(WHAT YOU ARE ASKED TO DO): Copy exactly, please, each line of the data below until the line that contains "0 \<Longrightarrow> \<forall>p<rp" has been copied, beginning at the top.

---------- SOURCE DATA ----------

lemma mra_psd_and_vhat_pd:
  assumes fin: "finite D" and S_pd: "pd_on D S"
    and K_sub: "\<And>m js. m \<le> M \<Longrightarrow> js \<in> midx J m \<Longrightarrow> K js \<subseteq> D"
    and rank: "\<And>m js y. m \<le> M \<Longrightarrow> js \<in> midx J m
      \<Longrightarrow> \<forall>l\<in>K js. (\<Sum>p<rp js. y p * Phi js p l) = 0 \<Longrightarrow> \<forall>p<rp js. y p = 0"
    and range: "\<And>m js. m \<in> {1..M} \<Longrightarrow> js \<in> midx J m
      \<Longrightarrow> col_space (\<lambda>l p. Phi js p l) (K js) {..<rp js}
          \<inter> ortho_compl (K js) (col_space (mraW S K Phi rp js) (K js) (K js)) = {\<lambda>_. 0}"
    and "m \<le> M" and "js \<in> midx J m"
  shows "psd_on D (mraW S K Phi rp js) \<and> pd_on {..<rp js} (mraVhat S K Phi rp js)"
  using \<open>m \<le> M\<close> \<open>js \<in> midx J m\<close>
proof (induction m arbitrary: js)
  case 0
  then have "js = []" by (simp add: midx_0)
  have "pd_on (K []) S" using pd_on_subset[OF fin K_sub S_pd, of 0 "[]"] by (simp add: midx_0)
  have "pd_on {..<rp []} (mraVhat S K Phi rp [])"
    unfolding mraVhat_def vhat_def mraW_Nil
  proof (rule pd_on_congruence)
    show "psd_on (K []) S" using pd_on_imp_psd_on[OF \<open>pd_on (K []) S\<close>] .
    show "\<forall>p<rp []. y p = 0" if "\<forall>l\<in>K []. (\<Sum>p<rp []. y p * Phi [] p l) = 0" for y
      using rank[of 0 "[]"] that by (simp add: midx_0)
    show "\<forall>l\<in>K []. x l = 0" if "quad_form (K []) S x = 0" for x
      using \<open>pd_on (K []) S\<close> that unfolding pd_on_def by force
  qed
  then show ?case using \<open>js = []\<close> pd_on_imp_psd_on[OF S_pd] by (simp add: mraW_Nil)
next
  case (Suc m)
  from Suc.prems(2) obtain ks j where js: "js = ks @ [j]" and ks: "ks \<in> midx J m"
    by (rule midx_SucE)
  have IH: "psd_on D (mraW S K Phi rp ks)" "pd_on {..<rp ks} (mraVhat S K Phi rp ks)"
    using Suc.IH Suc.prems(1) ks by auto
  have "K ks \<subseteq> D" using K_sub[of m ks] Suc.prems(1) ks by simp
  have psdW: "psd_on D (mraW S K Phi rp js)"
    unfolding js mraW_snoc corr_def Let_def
    using psd_on_schur_complement[OF fin \<open>K ks \<subseteq> D\<close> IH(1)] IH(2)
    unfolding mraVhat_def vhat_def by simp
  have psdK: "psd_on (K js) (mraW S K Phi rp js)"
    using psd_on_subset[OF fin K_sub psdW] Suc.prems by blast
  have "pd_on {..<rp js} (mraVhat S K Phi rp js)"
    unfolding mraVhat_def vhat_def
  proof (rule pd_on_congruence[OF psdK])
    show "\<forall>p<rp js. y p = 0" if "\<forall>l\<in>K js. (\<Sum>p<rp js. y p * Phi js p l) = 0" for y
      using rank that Suc.prems by blast
    fix x assume x: "x \<in> col_space (\<lambda>l p. Phi js p l) (K js) {..<rp js}"
      and "quad_form (K js) (mraW S K Phi rp js) x = 0"
    then have "x \<in> ortho_compl (K js) (col_space (mraW S K Phi rp js) (K js) (K js))"
      using psd_on_quad_form_eq_0_imp_ortho_compl[OF psdK] unfolding col_space_def by blast
    then have "x = (\<lambda>_. 0)" using range[of "Suc m" js] x Suc.prems by auto
    then show "\<forall>l\<in>K js. x l = 0" by simp
  qed
  with psdW show ?case by simp
qed


theorem proposition1:
  fixes n M :: nat
    and J :: "nat \<Rightarrow> nat"
    and I K :: "nat list \<Rightarrow> nat set"
    and Phi :: "nat list \<Rightarrow> nat \<Rightarrow> nat \<Rightarrow> real"
    and rp :: "nat list \<Rightarrow> nat"
    and Sigma :: "nat \<Rightarrow> nat \<Rightarrow> real"
  assumes n_pos: "n \<ge> 1"
    and J_ge2: "\<forall>i\<in>{1..M}. J i \<ge> 2"
    and I_root: "I [] = {1..n}"
    and I_union: "\<forall>m<M. \<forall>js\<in>midx J m.
        I js = (\<Union>j\<in>{1..J (Suc m)}. I (js @ [j]))"
    and I_disj: "\<forall>m<M. \<forall>js\<in>midx J m. \<forall>j1\<in>{1..J (Suc m)}. \<forall>j2\<in>{1..J (Suc m)}.
        j1 \<noteq> j2 \<longrightarrow> I (js @ [j1]) \<inter> I (js @ [j2]) = {}"
    and I_order: "\<forall>is\<in>midx J M. \<forall>js\<in>midx J M.
        (is, js) \<in> lex {(a, b). a < b} \<longrightarrow> (\<forall>a\<in>I js. \<forall>b\<in>I is. b < a)"
    and K_sub: "\<forall>m\<le>M. \<forall>js\<in>midx J m. K js \<subseteq> I js"
    and rp_bounds: "\<forall>m\<le>M. \<forall>js\<in>midx J m. 1 \<le> rp js \<and> rp js \<le> card (K js)"
    and Phi_rank: "\<forall>m\<le>M. \<forall>js\<in>midx J m. \<forall>y::nat \<Rightarrow> real.
        (\<forall>l\<in>K js. (\<Sum>p<rp js. y p * Phi js p l) = 0) \<longrightarrow> (\<forall>p<rp js. y p = 0)"
    and Phi_norm: "\<forall>m\<le>M. \<forall>js\<in>midx J m. \<forall>p<rp js. (\<Sum>l\<in>K js. (Phi js p l)\<^sup>2) = 1"
    and Sigma_pd: "pd_on {1..n} Sigma"
    and range_cond: "\<forall>m\<in>{1..M}. \<forall>js\<in>midx J m.
        col_space (\<lambda>l p. Phi js p l) (K js) {..<rp js}
          \<inter> ortho_compl (K js) (col_space (mraW Sigma K Phi rp js) (K js) (K js))
        = {\<lambda>_. 0}"
  shows "(\<forall>m\<in>{1..M}. \<forall>js\<in>midx J m. psd_on (K js) (mraW Sigma K Phi rp js))
       \<and> (\<forall>m\<le>M. \<forall>js\<in>midx J m. pd_on {..<rp js} (mraVhat Sigma K Phi rp js))"
proof -
  have K_grid: "K js \<subseteq> {1..n}" if "m \<le> M" "js \<in> midx J m" for m js
  proof -
    have "I js \<subseteq> I []"
      by (rule midx_nested_subset_root[OF _ that]) (use I_union in fastforce)
    then show ?thesis using I_root K_sub that by blast
  qed
  have "psd_on {1..n} (mraW Sigma K Phi rp js) \<and> pd_on {..<rp js} (mraVhat Sigma K Phi rp js)"
    if "m \<le> M" "js \<in> midx J m" for m js
    by (rule mra_psd_and_vhat_pd[OF finite_atLeastAtMost Sigma_pd K_grid _ _ that])
      (use Phi_rank range_cond in blast)+
  then show ?thesis using psd_on_subset[OF _ K_grid] by auto
qed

----------

(EXERCISE ANSWER):
lemma mra_psd_and_vhat_pd:
  assumes fin: "finite D" and S_pd: "pd_on D S"
    and K_sub: "\<And>m js. m \<le> M \<Longrightarrow> js \<in> midx J m \<Longrightarrow> K js \<subseteq> D"
    and rank: "\<And>m js y. m \<le> M \<Longrightarrow> js \<in> midx J m
      \<Longrightarrow> \<forall>l\<in>K js. (\<Sum>p<rp js. y p * Phi js p l) = 0 \<Longrightarrow> \<forall>p<rp js. y p = 0"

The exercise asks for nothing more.